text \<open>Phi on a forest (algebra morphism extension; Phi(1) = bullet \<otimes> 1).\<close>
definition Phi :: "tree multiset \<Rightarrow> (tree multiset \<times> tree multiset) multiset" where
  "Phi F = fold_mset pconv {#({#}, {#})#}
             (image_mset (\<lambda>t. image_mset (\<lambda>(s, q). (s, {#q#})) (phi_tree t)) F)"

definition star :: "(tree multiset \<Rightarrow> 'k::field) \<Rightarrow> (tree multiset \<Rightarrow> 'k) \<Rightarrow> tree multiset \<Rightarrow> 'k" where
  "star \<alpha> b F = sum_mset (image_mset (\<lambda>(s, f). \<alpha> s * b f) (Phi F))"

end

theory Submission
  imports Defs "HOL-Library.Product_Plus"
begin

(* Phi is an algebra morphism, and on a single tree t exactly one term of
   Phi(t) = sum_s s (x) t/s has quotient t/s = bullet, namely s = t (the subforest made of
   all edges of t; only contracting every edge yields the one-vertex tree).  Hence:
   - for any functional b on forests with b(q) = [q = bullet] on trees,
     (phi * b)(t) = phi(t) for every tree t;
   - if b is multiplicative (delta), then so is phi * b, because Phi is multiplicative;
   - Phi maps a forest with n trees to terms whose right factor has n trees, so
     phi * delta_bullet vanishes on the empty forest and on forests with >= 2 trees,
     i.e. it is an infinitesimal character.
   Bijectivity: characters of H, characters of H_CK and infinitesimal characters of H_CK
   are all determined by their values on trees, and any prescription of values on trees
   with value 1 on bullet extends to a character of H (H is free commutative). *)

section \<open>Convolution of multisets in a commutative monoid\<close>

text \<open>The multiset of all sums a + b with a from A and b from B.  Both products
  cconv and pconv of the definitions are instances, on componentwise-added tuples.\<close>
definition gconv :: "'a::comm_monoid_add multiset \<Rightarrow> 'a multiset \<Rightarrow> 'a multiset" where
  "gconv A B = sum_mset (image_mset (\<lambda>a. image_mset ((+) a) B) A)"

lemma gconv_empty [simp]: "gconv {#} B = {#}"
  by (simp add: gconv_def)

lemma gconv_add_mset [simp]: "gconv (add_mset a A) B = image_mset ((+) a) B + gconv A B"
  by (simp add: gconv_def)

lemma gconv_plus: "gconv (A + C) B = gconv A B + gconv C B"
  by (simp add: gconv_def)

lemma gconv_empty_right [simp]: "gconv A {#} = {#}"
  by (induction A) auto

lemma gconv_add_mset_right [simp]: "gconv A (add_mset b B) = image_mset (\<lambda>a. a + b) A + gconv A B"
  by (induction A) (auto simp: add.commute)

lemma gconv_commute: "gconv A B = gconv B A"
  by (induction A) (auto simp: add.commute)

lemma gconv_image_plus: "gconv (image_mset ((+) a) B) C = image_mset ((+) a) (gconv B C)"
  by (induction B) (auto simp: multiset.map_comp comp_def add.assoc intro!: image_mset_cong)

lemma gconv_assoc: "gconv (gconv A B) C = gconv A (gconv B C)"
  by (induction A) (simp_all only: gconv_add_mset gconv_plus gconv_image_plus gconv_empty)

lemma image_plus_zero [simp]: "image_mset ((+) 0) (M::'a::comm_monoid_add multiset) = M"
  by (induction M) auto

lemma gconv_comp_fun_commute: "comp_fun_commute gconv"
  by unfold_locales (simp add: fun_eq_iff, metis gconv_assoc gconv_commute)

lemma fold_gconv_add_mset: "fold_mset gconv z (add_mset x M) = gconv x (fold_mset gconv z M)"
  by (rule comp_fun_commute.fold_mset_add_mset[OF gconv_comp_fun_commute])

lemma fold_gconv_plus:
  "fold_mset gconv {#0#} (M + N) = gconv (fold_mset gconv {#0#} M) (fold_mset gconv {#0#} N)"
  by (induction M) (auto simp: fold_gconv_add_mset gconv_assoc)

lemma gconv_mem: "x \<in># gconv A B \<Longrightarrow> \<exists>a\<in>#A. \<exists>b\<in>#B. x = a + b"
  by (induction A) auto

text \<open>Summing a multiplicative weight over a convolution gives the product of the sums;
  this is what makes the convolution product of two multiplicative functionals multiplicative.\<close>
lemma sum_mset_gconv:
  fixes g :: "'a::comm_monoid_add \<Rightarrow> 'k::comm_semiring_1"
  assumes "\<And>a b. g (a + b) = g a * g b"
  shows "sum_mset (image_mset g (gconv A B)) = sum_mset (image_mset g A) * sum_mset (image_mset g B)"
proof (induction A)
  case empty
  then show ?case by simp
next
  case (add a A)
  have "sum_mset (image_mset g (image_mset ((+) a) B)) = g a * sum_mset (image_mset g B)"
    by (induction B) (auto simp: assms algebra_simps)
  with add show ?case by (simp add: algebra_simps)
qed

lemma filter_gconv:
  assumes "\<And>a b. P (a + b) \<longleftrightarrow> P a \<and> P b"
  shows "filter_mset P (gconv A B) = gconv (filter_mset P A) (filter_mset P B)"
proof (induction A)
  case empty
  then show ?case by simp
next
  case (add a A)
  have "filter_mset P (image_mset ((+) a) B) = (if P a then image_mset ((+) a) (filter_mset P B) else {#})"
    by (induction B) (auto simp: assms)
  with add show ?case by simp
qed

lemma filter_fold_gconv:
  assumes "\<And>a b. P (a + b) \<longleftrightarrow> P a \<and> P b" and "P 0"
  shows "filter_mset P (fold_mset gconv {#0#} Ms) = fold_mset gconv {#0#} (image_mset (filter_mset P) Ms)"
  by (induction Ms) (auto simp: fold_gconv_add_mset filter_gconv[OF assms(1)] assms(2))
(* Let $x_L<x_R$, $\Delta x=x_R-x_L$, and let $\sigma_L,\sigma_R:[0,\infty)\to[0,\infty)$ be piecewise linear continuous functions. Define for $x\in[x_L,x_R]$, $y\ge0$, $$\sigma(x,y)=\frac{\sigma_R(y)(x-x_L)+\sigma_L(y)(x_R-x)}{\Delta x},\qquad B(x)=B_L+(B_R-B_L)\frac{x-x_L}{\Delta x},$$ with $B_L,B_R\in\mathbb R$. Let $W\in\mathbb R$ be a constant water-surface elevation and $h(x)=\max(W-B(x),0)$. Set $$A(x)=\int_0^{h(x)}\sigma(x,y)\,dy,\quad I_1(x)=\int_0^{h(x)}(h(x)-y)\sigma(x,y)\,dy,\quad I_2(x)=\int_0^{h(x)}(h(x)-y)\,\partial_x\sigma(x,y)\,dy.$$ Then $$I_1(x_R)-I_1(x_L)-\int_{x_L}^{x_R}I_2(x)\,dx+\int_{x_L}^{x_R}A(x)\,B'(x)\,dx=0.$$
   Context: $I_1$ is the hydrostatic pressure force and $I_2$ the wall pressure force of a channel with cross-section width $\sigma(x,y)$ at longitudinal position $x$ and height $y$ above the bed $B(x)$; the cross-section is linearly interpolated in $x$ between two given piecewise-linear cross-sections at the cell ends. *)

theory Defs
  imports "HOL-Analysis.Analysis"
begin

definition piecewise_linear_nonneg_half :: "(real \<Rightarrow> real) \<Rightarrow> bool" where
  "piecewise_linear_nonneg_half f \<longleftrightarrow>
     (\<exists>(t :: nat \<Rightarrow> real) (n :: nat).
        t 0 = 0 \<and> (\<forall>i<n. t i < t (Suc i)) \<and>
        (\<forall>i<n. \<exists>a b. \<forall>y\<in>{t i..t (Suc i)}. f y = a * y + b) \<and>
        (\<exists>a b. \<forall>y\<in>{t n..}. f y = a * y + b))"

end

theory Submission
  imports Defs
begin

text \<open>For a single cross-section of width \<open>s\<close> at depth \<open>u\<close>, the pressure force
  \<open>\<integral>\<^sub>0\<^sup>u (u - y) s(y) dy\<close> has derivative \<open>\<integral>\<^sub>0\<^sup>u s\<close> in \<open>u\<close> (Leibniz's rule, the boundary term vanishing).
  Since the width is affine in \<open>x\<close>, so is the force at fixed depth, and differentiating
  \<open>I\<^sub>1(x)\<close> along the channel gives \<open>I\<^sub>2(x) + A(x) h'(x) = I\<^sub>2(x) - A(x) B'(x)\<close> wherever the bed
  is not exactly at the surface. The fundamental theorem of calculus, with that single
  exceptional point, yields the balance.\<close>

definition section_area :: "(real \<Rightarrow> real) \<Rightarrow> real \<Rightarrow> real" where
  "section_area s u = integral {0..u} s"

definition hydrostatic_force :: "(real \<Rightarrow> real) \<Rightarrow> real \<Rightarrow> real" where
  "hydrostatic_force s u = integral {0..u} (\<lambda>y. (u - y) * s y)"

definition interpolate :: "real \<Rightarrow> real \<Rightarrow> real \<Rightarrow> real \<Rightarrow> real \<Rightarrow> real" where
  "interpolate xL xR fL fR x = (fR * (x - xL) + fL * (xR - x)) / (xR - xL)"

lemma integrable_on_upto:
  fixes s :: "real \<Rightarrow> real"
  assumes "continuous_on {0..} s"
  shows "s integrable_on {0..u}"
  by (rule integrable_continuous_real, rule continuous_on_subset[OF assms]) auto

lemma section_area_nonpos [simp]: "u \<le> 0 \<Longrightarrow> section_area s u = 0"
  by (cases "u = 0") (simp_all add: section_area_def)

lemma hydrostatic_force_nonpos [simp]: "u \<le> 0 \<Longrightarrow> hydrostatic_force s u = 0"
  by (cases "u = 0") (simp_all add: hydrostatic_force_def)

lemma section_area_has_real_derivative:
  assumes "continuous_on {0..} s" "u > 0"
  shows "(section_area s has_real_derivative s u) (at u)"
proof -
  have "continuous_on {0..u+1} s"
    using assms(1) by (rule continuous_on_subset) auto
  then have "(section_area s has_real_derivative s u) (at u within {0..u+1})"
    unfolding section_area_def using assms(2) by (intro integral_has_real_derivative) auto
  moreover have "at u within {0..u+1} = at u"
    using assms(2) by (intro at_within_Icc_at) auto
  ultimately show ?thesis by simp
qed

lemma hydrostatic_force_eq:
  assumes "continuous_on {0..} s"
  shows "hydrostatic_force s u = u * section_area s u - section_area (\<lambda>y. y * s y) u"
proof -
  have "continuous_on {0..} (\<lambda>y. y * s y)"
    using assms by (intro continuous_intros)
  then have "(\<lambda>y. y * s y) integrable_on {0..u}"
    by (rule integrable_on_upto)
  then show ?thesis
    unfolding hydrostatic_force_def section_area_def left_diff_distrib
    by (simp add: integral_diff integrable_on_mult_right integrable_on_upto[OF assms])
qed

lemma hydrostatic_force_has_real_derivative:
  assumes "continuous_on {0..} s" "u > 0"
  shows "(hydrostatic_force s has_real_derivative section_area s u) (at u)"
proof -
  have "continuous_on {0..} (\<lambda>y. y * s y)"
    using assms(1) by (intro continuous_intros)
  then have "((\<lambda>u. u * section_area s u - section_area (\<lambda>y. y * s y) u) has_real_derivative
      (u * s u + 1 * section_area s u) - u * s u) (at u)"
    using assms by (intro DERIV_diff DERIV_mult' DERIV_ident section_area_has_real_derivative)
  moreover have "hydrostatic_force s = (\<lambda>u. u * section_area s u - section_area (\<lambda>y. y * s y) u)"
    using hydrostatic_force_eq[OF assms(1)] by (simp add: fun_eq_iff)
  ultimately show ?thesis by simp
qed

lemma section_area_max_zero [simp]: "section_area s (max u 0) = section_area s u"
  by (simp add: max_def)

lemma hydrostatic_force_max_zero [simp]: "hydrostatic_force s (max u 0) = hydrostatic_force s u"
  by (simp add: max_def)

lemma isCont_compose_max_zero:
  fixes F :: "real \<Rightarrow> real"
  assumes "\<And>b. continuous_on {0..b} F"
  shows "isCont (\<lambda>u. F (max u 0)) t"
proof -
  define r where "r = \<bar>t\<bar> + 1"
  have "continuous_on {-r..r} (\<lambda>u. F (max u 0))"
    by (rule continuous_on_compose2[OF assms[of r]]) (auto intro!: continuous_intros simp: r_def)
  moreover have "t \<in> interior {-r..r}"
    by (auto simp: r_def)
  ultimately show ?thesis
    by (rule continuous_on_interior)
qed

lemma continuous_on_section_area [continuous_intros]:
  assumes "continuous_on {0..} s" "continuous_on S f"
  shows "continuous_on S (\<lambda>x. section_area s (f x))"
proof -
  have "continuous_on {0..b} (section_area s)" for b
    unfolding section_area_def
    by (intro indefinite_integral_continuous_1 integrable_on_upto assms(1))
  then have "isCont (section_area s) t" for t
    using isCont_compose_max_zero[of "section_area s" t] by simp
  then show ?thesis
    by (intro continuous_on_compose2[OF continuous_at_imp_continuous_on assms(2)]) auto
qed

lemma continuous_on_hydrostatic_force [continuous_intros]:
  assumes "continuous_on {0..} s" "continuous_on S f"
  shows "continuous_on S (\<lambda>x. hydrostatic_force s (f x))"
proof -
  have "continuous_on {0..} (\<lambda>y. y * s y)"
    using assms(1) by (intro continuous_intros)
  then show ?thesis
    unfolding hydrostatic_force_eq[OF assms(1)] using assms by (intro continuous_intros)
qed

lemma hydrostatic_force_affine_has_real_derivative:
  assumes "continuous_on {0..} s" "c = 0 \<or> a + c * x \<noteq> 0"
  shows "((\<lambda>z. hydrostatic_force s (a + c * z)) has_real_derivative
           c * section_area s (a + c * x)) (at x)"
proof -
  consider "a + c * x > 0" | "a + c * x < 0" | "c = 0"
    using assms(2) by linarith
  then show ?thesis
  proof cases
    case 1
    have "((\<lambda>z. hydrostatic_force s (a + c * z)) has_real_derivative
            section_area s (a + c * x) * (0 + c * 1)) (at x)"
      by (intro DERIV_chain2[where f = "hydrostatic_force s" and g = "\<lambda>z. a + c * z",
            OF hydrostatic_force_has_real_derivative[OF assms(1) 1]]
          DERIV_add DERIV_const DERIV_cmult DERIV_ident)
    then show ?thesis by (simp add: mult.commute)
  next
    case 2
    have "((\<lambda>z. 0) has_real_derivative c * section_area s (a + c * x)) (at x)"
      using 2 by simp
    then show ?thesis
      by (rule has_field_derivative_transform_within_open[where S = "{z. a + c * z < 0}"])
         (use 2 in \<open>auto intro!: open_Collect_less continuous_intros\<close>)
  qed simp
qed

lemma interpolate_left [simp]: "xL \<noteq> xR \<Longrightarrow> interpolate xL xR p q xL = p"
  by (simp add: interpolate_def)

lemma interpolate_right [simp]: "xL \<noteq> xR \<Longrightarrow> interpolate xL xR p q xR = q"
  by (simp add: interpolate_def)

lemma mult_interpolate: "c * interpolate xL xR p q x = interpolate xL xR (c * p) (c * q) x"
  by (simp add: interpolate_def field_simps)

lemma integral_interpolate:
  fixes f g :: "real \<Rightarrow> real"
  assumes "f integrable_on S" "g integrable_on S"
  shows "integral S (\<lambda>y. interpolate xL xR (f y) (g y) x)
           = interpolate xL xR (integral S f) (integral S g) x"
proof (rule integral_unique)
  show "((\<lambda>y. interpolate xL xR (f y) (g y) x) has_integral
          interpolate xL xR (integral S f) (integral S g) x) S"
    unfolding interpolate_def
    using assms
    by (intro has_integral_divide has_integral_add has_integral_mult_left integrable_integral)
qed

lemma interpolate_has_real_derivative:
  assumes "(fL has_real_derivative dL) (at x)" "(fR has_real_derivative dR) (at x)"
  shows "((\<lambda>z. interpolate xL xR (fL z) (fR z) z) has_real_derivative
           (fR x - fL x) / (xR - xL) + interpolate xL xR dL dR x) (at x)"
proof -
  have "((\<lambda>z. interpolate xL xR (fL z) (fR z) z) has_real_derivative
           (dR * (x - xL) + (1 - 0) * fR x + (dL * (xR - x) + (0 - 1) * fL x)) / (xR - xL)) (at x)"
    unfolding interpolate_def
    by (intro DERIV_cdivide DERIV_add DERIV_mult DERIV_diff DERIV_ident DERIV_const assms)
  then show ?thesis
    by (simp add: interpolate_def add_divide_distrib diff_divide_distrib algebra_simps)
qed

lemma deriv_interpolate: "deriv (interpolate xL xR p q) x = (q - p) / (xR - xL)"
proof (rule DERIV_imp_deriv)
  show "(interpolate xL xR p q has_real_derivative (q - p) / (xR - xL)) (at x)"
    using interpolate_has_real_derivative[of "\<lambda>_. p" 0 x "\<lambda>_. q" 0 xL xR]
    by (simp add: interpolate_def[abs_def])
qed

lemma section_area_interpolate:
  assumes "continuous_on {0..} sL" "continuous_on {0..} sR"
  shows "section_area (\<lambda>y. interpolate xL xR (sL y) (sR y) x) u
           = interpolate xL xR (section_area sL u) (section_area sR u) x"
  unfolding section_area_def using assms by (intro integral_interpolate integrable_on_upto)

## [Exercise goal]
The lines to extract from the data above begin with the line containing "is not exactly" and end with the line containing "real \<Rightarrow> real \<Rightarrow> real \<Rightarrow>". Extract them exactly, including both.

## [Your solution]
  is not exactly at the surface. The fundamental theorem of calculus, with that single
  exceptional point, yields the balance.\<close>

definition section_area :: "(real \<Rightarrow> real) \<Rightarrow> real \<Rightarrow> real" where
  "section_area s u = integral {0..u} s"

definition hydrostatic_force :: "(real \<Rightarrow> real) \<Rightarrow> real \<Rightarrow> real" where
  "hydrostatic_force s u = integral {0..u} (\<lambda>y. (u - y) * s y)"

definition interpolate :: "real \<Rightarrow> real \<Rightarrow> real \<Rightarrow> real \<Rightarrow> real \<Rightarrow> real" where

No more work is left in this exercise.